Task inputs |
********
text \<open>Mackey's construction: a finite biorthogonal system of vectors and functionals in V_* can
  always be enlarged so that it spans a given vector and, on the functional side, a given element
  of V_*; alternating over countable bases of V and V_* yields dual bases.\<close>

definition biorth :: "('v \<times> ('v \<Rightarrow> 'k)) list \<Rightarrow> bool" where
  "biorth ps \<longleftrightarrow> snd ` set ps \<subseteq> W \<and>
     (\<forall>i<length ps. \<forall>j<length ps. snd (ps ! i) (fst (ps ! j)) = (if i = j then 1 else 0))"

lemma biorth_dual: "biorth ps \<Longrightarrow> i < length ps \<Longrightarrow> snd (ps ! i) \<in> Vdual"
  unfolding biorth_def using W_subset_dual nth_mem by fastforce

lemma biorth_coeff_vec:
  assumes "biorth ps" "j < length ps"
  shows "snd (ps ! j) (\<Sum>i<length ps. sV (a i) (fst (ps ! i))) = a j"
proof -
  have "snd (ps ! j) (\<Sum>i<length ps. sV (a i) (fst (ps ! i))) = (\<Sum>i<length ps. if i = j then a i else 0)"
    using assms by (intro trans[OF dual_sum_apply sum.cong])
      (auto simp: biorth_dual dual_scale_apply biorth_def)
  then show ?thesis using assms(2) by simp
qed

lemma biorth_coeff_fun:
  assumes "biorth ps" "j < length ps"
  shows "(\<Sum>i<length ps. fscale (a i) (snd (ps ! i))) (fst (ps ! j)) = a j"
proof -
  have "(\<Sum>i<length ps. fscale (a i) (snd (ps ! i))) (fst (ps ! j)) = (\<Sum>i<length ps. if i = j then a i else 0)"
    using assms unfolding sum_fun_apply by (intro sum.cong) (auto simp: biorth_def)
  then show ?thesis using assms(2) by simp
qed

lemma biorth_snoc:
  assumes "biorth ps" "w \<in> W" "\<And>j. j < length ps \<Longrightarrow> w (fst (ps ! j)) = 0"
    "\<And>j. j < length ps \<Longrightarrow> snd (ps ! j) v = 0" "w v = 1"
  shows "biorth (ps @ [(v, w)])"
  using assms unfolding biorth_def by (auto simp: nth_append less_Suc_eq)

lemma biorth_extend_vec:
  assumes ps: "biorth ps"
  shows "\<exists>ps'. biorth ps' \<and> prefix ps ps' \<and> b \<in> V.span (fst ` set ps')"
proof (cases "b \<in> V.span (fst ` set ps)")
  case False
  let ?n = "length ps"
  define b' where "b' = (\<Sum>i<?n. sV (snd (ps ! i) b) (fst (ps ! i)))"
  have b'_span: "b' \<in> V.span (fst ` set ps)"
    unfolding b'_def by (intro V.span_sum V.span_scale V.span_base) auto
  define v where "v = b - b'"
  have v_orth: "snd (ps ! j) v = 0" if "j < ?n" for j
    using that by (simp add: v_def b'_def dual_diff_apply biorth_dual[OF ps] biorth_coeff_vec[OF ps])
  have "v \<noteq> 0"
    using False b'_span by (auto simp: v_def)
  then obtain f where f: "f \<in> W" "f v \<noteq> 0"
    using nondegenerate by blast
  define w where "w = fscale (1 / f v) (f - (\<Sum>i<?n. fscale (f (fst (ps ! i))) (snd (ps ! i))))"
  have "w \<in> W"
    unfolding w_def using f(1) ps nth_mem by (fastforce simp: biorth_def intro!: W_scale W_diff W_sum)
  moreover have "w (fst (ps ! j)) = 0" if "j < ?n" for j
    using biorth_coeff_fun[OF ps that] by (simp add: w_def)
  moreover have "w v = 1"
    using f(2) by (simp add: w_def sum_fun_apply v_orth)
  ultimately have "biorth (ps @ [(v, w)])"
    by (intro biorth_snoc[OF ps] v_orth)
  moreover have "b \<in> V.span (fst ` set (ps @ [(v, w)]))"
  proof -
    have "b = v + b'" by (simp add: v_def)
    also have "\<dots> \<in> V.span (fst ` set (ps @ [(v, w)]))"
      using V.span_mono[of "fst ` set ps" "fst ` set (ps @ [(v, w)])"] b'_span
      by (intro V.span_add) (auto intro: V.span_base)
    finally show ?thesis .
  qed
  ultimately show ?thesis
    by (intro exI[of _ "ps @ [(v, w)]"]) simp
qed (use ps in blast)

lemma biorth_extend_fun:
  assumes ps: "biorth ps" and c: "c \<in> W"
  shows "\<exists>ps'. biorth ps' \<and> prefix ps ps' \<and> c \<in> F.span (snd ` set ps')"
proof (cases "c \<in> F.span (snd ` set ps)")
  case False
  let ?n = "length ps"
  define c' where "c' = (\<Sum>i<?n. fscale (c (fst (ps ! i))) (snd (ps ! i)))"
  have c'_span: "c' \<in> F.span (snd ` set ps)"
    unfolding c'_def by (intro F.span_sum F.span_scale F.span_base) auto
  define w where "w = c - c'"
  have w: "w \<in> W"
    unfolding w_def c'_def using c ps nth_mem by (fastforce simp: biorth_def intro!: W_diff W_sum W_scale)
  have w_orth: "w (fst (ps ! j)) = 0" if "j < ?n" for j
    using biorth_coeff_fun[OF ps that] by (simp add: w_def c'_def)
  have "w \<noteq> 0"
    using False c'_span by (auto simp: w_def)
  then obtain x where x: "w x \<noteq> 0"
    by (auto simp: fun_eq_iff)
  define v where "v = sV (1 / w x) (x - (\<Sum>i<?n. sV (snd (ps ! i) x) (fst (ps ! i))))"
  have w_dual: "w \<in> Vdual"
    using w W_subset_dual by blast
  have "snd (ps ! j) v = 0" if "j < ?n" for j
    using that by (simp add: v_def dual_scale_apply dual_diff_apply biorth_dual[OF ps] biorth_coeff_vec[OF ps])
  moreover have "w v = 1"
    using x w_orth by (simp add: v_def dual_scale_apply[OF w_dual] dual_diff_apply[OF w_dual]
        dual_sum_apply[OF w_dual])
  ultimately have "biorth (ps @ [(v, w)])"
    by (intro biorth_snoc[OF ps w w_orth])
  moreover have "c \<in> F.span (snd ` set (ps @ [(v, w)]))"
  proof -
    have "c = w + c'" by (simp add: w_def)
    also have "\<dots> \<in> F.span (snd ` set (ps @ [(v, w)]))"
      using F.span_mono[of "snd ` set ps" "snd ` set (ps @ [(v, w)])"] c'_span
      by (intro F.span_add) (auto intro: F.span_base)
    finally show ?thesis .
  qed
  ultimately show ?thesis
    by (intro exI[of _ "ps @ [(v, w)]"]) simp
qed (use ps in blast)

lemma biorth_extend:
  assumes ps: "biorth ps" and c: "c \<in> W"
  shows "\<exists>ps'. biorth ps' \<and> prefix ps ps' \<and> b \<in> V.span (fst ` set ps') \<and> c \<in> F.span (snd ` set ps')"
proof -
  obtain ps1 where ps1: "biorth ps1" "prefix ps ps1" "b \<in> V.span (fst ` set ps1)"
    using biorth_extend_vec[OF ps] by blast
  obtain ps2 where ps2: "biorth ps2" "prefix ps1 ps2" "c \<in> F.span (snd ` set ps2)"
    using biorth_extend_fun[OF ps1(1) c] by blast
  have "b \<in> V.span (fst ` set ps2)"
    using ps1(3) V.span_mono[OF image_mono[OF set_mono_prefix[OF ps2(2)]]] by blast
  with ps1 ps2 show ?thesis
    using prefix_order.trans by blast
qed

end

locale biorth_chain = mackey_pairing sV W
  for sV :: "'k::field \<Rightarrow> 'v::ab_group_add \<Rightarrow> 'v" and W :: "('v \<Rightarrow> 'k) set" +
  fixes b :: "nat \<Rightarrow> 'v" and c :: "nat \<Rightarrow> 'v \<Rightarrow> 'k"
    and S :: "nat \<Rightarrow> ('v \<times> ('v \<Rightarrow> 'k)) list"
  assumes independent_b: "V.independent (range b)" and inj_b: "inj b"
    and span_b: "V.span (range b) = UNIV" and span_c: "W \<subseteq> F.span (range c)"
    and biorth_S: "biorth (S n)" and prefix_S: "prefix (S n) (S (Suc n))"
    and b_in_S: "b n \<in> V.span (fst ` set (S (Suc n)))"
    and c_in_S: "c n \<in> F.span (snd ` set (S (Suc n)))"
begin

lemma prefix_S_mono: "n \<le> N \<Longrightarrow> prefix (S n) (S N)"
proof (induct N rule: dec_induct)
  case (step N)
  then show ?case
    using prefix_order.trans[OF _ prefix_S] by blast
qed simp

lemma length_S: "n \<le> length (S n)"
proof -
  have "b ` {..<n} \<subseteq> V.span (fst ` set (S n))"
  proof
    fix x assume "x \<in> b ` {..<n}"
    then obtain k where k: "k < n" "x = b k" by blast
    have "fst ` set (S (Suc k)) \<subseteq> fst ` set (S n)"
      using set_mono_prefix[OF prefix_S_mono[of "Suc k" n]] k by auto
    then show "x \<in> V.span (fst ` set (S n))"
      using b_in_S[of k] k V.span_mono by blast
  qed
  moreover have "V.independent (b ` {..<n})"
    by (rule V.independent_mono[OF independent_b]) auto
  ultimately have "card (b ` {..<n}) \<le> card (fst ` set (S n))"
    using V.independent_span_bound by blast
  also have "\<dots> \<le> length (S n)"
    using card_image_le card_length le_trans by blast
  finally show ?thesis
    using card_image[OF inj_on_subset[OF inj_b]] by simp
qed

definition dvec :: "nat \<Rightarrow> 'v" where
  "dvec j = fst (S (Suc j) ! j)"

definition dfun :: "nat \<Rightarrow> 'v \<Rightarrow> 'k" where
  "dfun j = snd (S (Suc j) ! j)"

lemma S_nth: "i < length (S N) \<Longrightarrow> S N ! i = (dvec i, dfun i)"
proof (cases "N \<le> Suc i")
  case True
  assume "i < length (S N)"
  then show ?thesis
    using prefix_nth[OF prefix_S_mono[OF True]] by (simp add: dvec_def dfun_def)
next
  case False
  have "i < length (S (Suc i))"
    using length_S[of "Suc i"] by simp
  then show ?thesis
    using prefix_nth[OF prefix_S_mono, of "Suc i" N] False by (simp add: dvec_def dfun_def)
qed

lemma dfun_dvec: "dfun n (dvec k) = (if n = k then 1 else 0)"
proof -
  define N where "N = Suc (max n k)"
  have "n < length (S N)" "k < length (S N)"
    using length_S[of N] unfolding N_def by auto
  then show ?thesis
    using biorth_S[of N] S_nth by (force simp: biorth_def)
qed

lemma dfun_W: "dfun n \<in> W"
proof -
  have "n < length (S (Suc n))"
    using length_S[of "Suc n"] by simp
  then show ?thesis
    using biorth_S[of "Suc n"] nth_mem by (fastforce simp: biorth_def dfun_def)
qed

lemma fst_set_S: "fst ` set (S N) \<subseteq> range dvec"
  and snd_set_S: "snd ` set (S N) \<subseteq> range dfun"
  by (force simp: in_set_conv_nth S_nth)+

lemma inj_dvec: "inj dvec"
proof (rule injI)
  fix j k assume "dvec j = dvec k"
  then show "j = k"
    using dfun_dvec[of j j] dfun_dvec[of j k] by (simp split: if_splits)
qed

lemma independent_dvec: "V.independent (range dvec)"
  unfolding V.dependent_def
proof
  assume "\<exists>a\<in>range dvec. a \<in> V.span (range dvec - {a})"
  then obtain j where j: "dvec j \<in> V.span (range dvec - {dvec j})"
    by blast
  interpret VK: vector_space_pair sV "(*) :: 'k \<Rightarrow> 'k \<Rightarrow> 'k" ..
  have "Vector_Spaces.linear sV (*) (dfun j)"
    using dfun_W W_subset_dual by (auto simp: alg_dual_def)
  then have "dfun j (dvec j) = 0"
    by (rule VK.linear_eq_0_on_span[OF _ _ j]) (auto simp: dfun_dvec)
  then show False
    by (simp add: dfun_dvec)
qed

lemma span_dvec: "V.span (range dvec) = UNIV"
proof -
  have "range b \<subseteq> V.span (range dvec)"
    using b_in_S V.span_mono[OF fst_set_S] by blast
  then have "V.span (range b) \<subseteq> V.span (range dvec)"
    by (rule V.span_minimal) simp
  then show ?thesis
    using span_b by blast
qed

lemma W_subset_span_dfun: "W \<subseteq> F.span (range dfun)"
proof -
  have "range c \<subseteq> F.span (range dfun)"
    using c_in_S F.span_mono[OF snd_set_S] by blast
  then have "F.span (range c) \<subseteq> F.span (range dfun)"
    by (rule F.span_minimal) simp
  then show ?thesis
    using span_c by blast
qed

end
********
What you are asked to do | Every line above that carries the string "True" should be copied.

Reply to the exercise |
  case True
    using prefix_nth[OF prefix_S_mono[OF True]] by (simp add: dvec_def dfun_def)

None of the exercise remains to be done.